The authors continue to study fuzzy random variables as defined by the last two authors [J. Math. Anal. Appl. 114, 409-422 (1986; Zbl 0592.60004)]. First they prove a strong law of large numbers for fuzzy random variables. The crucial point is that the space of normal, upper semicontinuous, compactly supported fuzzy sets on ${ℝ}^{n}$ is a separable metric space when equipped with a suitable metric.
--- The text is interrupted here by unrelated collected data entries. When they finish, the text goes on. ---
lemma rank_eq_1_imp_outer:
  fixes A :: "real^'n^'m"
  assumes "rank A = 1"
  obtains u w where "\<And>i j. A$i$j = u i * w$j"
proof -
  obtain B where B: "B \<subseteq> rows A" "rows A \<subseteq> span B" "card B = dim (rows A)"
    by (meson basis_exists)
  then obtain w where "B = {w}" using assms by (auto simp: row_rank_def card_Suc_eq)
  have "\<exists>c. A$i = c *\<^sub>R w" for i
  proof -
    have "A$i \<in> rows A" by (auto simp: rows_def row_def vec_eq_iff)
    then show ?thesis using B \<open>B = {w}\<close> by (auto simp: span_singleton)
  qed
  then obtain u where "\<And>i. A$i = u i *\<^sub>R w" by metis
  then have "A$i$j = u i * w$j" for i j by simp
  then show ?thesis by (rule that)
qed

lemma rank_eq_1_iff_minors_through_pivot:
  fixes A :: "real^'n^'m"
  assumes "A$p$q \<noteq> 0"
  shows "rank A = 1 \<longleftrightarrow> (\<forall>i j. A$i$j * A$p$q = A$i$q * A$p$j)"
proof
  assume "rank A = 1"
  then obtain u w where "\<And>i j. A$i$j = u i * w$j" using rank_eq_1_imp_outer by blast
  then show "\<forall>i j. A$i$j * A$p$q = A$i$q * A$p$j" by simp
next
  assume minors: "\<forall>i j. A$i$j * A$p$q = A$i$q * A$p$j"
  have "A$i$j = (\<chi> i. A$i$q)$i * (A$p /\<^sub>R A$p$q)$j" for i j
    using minors[rule_format, of i j] assms by (simp add: field_simps)
  then have "rank A \<le> 1" by (rule rank_le_1_if_outer)
  moreover have "rank A \<noteq> 0"
  proof
    assume "rank A = 0"
    then have "rows A \<subseteq> {0}" by (simp add: row_rank_def)
    moreover have "A$p \<in> rows A" by (auto simp: rows_def row_def vec_eq_iff)
    ultimately show False using assms by auto
  qed
  ultimately show "rank A = 1" by simp
qed

section \<open>Rank-one points are vertices\<close>

definition sym_outer :: "real^'n \<Rightarrow> real^'n \<Rightarrow> real^'n^'n" where
  "sym_outer u v = (\<chi> i j. u$i * v$j + v$i * u$j)"

lemma sym_outer_in_sym_mats: "sym_outer u v \<in> sym_mats"
  by (simp add: sym_mats_def sym_outer_def transpose_def vec_eq_iff)

lemma subspace_sym_mats: "subspace sym_mats"
  by (auto simp: subspace_def sym_mats_def transpose_add transpose_scalar transpose_def vec_eq_iff)

lemma inner_sym_outer: "sym_outer u v \<bullet> A = u \<bullet> (A *v v) + v \<bullet> (A *v u)"
proof -
  have "sym_outer u v \<bullet> A = (\<Sum>i\<in>UNIV. \<Sum>j\<in>UNIV. u$i * (A$i$j * v$j) + v$i * (A$i$j * u$j))"
    by (simp add: sym_outer_def inner_vec_def algebra_simps)
  also have "\<dots> = u \<bullet> (A *v v) + v \<bullet> (A *v u)"
    by (simp add: inner_vec_def matrix_vector_mult_def sum_distrib_left sum.distrib)
  finally show ?thesis .
qed

lemma sym_matrix_eq_0_if_form_vanishes:
  fixes D :: "real^'n^'n" and x :: "real^'n"
  assumes D_sym: "transpose D = D" and "x$z = 1" and x_binary: "\<And>a. x$a = 0 \<or> x$a = 1"
    and D_zz: "D$z$z = 0" and D_diag: "\<And>a. a \<noteq> z \<Longrightarrow> D$a$a = D$z$a"
    and form_0: "\<And>u. x \<bullet> u = 0 \<Longrightarrow> u \<bullet> (D *v u) = 0"
  shows "D = 0"
proof -
  have D_swap: "u \<bullet> (D *v v) = v \<bullet> (D *v u)" for u v
    by (rule inner_matrix_vector_swap[OF D_sym])
  have D_nth_sym: "D$a$b = D$b$a" for a b
    using D_swap[of "axis a 1" "axis b 1"] by (simp add: inner_axis_matrix_vector_axis)
  define f :: "'n \<Rightarrow> real^'n" where "f a = axis a 1 - x$a *\<^sub>R axis z 1" for a
  have x_f: "x \<bullet> f a = 0" if "a \<noteq> z" for a
    using that \<open>x$z = 1\<close> by (simp add: f_def inner_diff_right inner_axis)
  have f_form: "f a \<bullet> (D *v f b) = D$a$b - x$b * D$a$z - x$a * D$z$b + x$a * x$b * D$z$z" for a b
    by (simp add: f_def inner_axis_matrix_vector_axis algebra_simps)
  have D_az: "D$a$z = 0" if "a \<noteq> z" for a
  proof -
    have "D$a$z * (1 - 2 * x$a) = 0"
      using form_0[OF x_f[OF that]] f_form[of a a] D_zz D_diag[OF that] D_nth_sym[of a z]
      by (simp add: algebra_simps)
    then show ?thesis using x_binary[of a] by auto
  qed
  have D_ab: "D$a$b = 0" if "a \<noteq> z" "b \<noteq> z" for a b
  proof -
    have "x \<bullet> (f a + f b) = 0" using x_f that by (simp add: inner_add_right)
    then have "(f a + f b) \<bullet> (D *v (f a + f b)) = 0" by (rule form_0)
    then have "2 * (f a \<bullet> (D *v f b)) = 0"
      using form_0[OF x_f[OF that(1)]] form_0[OF x_f[OF that(2)]] D_swap[of "f b" "f a"]
      by (simp add: matrix_vector_right_distrib inner_add_left inner_add_right)
    then show ?thesis
      using f_form[of a b] D_zz D_az[OF that(1)] D_az[OF that(2)] D_nth_sym[of z b] by simp
  qed
  have "D$a$b = 0" for a b
    using D_zz D_az D_ab D_nth_sym by (cases "a = z"; cases "b = z") auto
  then show ?thesis by (simp add: vec_eq_iff)
qed

lemma normal_cone_Chat_rank_one:
  fixes X :: "real^'n^'n" and x :: "real^'n"
  assumes XC: "X \<in> Chat z Ep Em" and X_outer: "\<And>i j. X$i$j = x$i * x$j"
  defines "N \<equiv> normal_cone sym_mats (Chat z Ep Em) X" and "e \<equiv> \<lambda>a. axis a (1::real)"
  shows "sym_outer (e z) (e z) \<in> N"
    and "a \<noteq> z \<Longrightarrow> sym_outer (e a) (e a) - sym_outer (e z) (e a) \<in> N"
    and "x \<bullet> u = 0 \<Longrightarrow> - sym_outer u u \<in> N"
proof -
  have normal: "c \<in> N" if "c \<in> sym_mats" and "\<And>Y. Y \<in> Chat z Ep Em \<Longrightarrow> c \<bullet> Y \<le> c \<bullet> X" for c
    using that by (simp add: N_def normal_cone_def)
  show "sym_outer (e z) (e z) \<in> N"
    using XC by (intro normal) (auto simp: e_def sym_outer_in_sym_mats inner_sym_outer
        inner_axis_matrix_vector_axis Chat_def)
  show "sym_outer (e a) (e a) - sym_outer (e z) (e a) \<in> N" if "a \<noteq> z"
  proof -
    have "(sym_outer (e a) (e a) - sym_outer (e z) (e a)) \<bullet> Y = 0" if "Y \<in> Chat z Ep Em" for Y
      using that \<open>a \<noteq> z\<close> psd_nth_sym[of Y a z]
      by (simp add: e_def Chat_def inner_diff_left inner_sym_outer inner_axis_matrix_vector_axis)
    then show ?thesis
      using XC by (intro normal) (simp_all add: subspace_diff[OF _ sym_outer_in_sym_mats
          sym_outer_in_sym_mats] subspace_sym_mats)
  qed
  show "- sym_outer u u \<in> N" if "x \<bullet> u = 0"
  proof -
    have "X *v u = (x \<bullet> u) *\<^sub>R x"
      by (simp add: vec_eq_iff matrix_vector_mult_def X_outer inner_vec_def sum_distrib_left mult_ac)
    then show ?thesis
      using that by (intro normal) (auto simp: subspace_neg[OF subspace_sym_mats sym_outer_in_sym_mats]
          inner_sym_outer Chat_def psd_def)
  qed
qed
The second main result is a central limit theorem. The proof is based on an embedding theorem, which says that under additional assumptions the above mentioned space of fuzzy sets can be embedded isometrically into a space of continuous functions. The embedding theorem has already appeared in a previous paper by the last two authors [Ann. Probab. 13, 1373-1379 (1985; Zbl 0583.60011)] though not referred to in the text.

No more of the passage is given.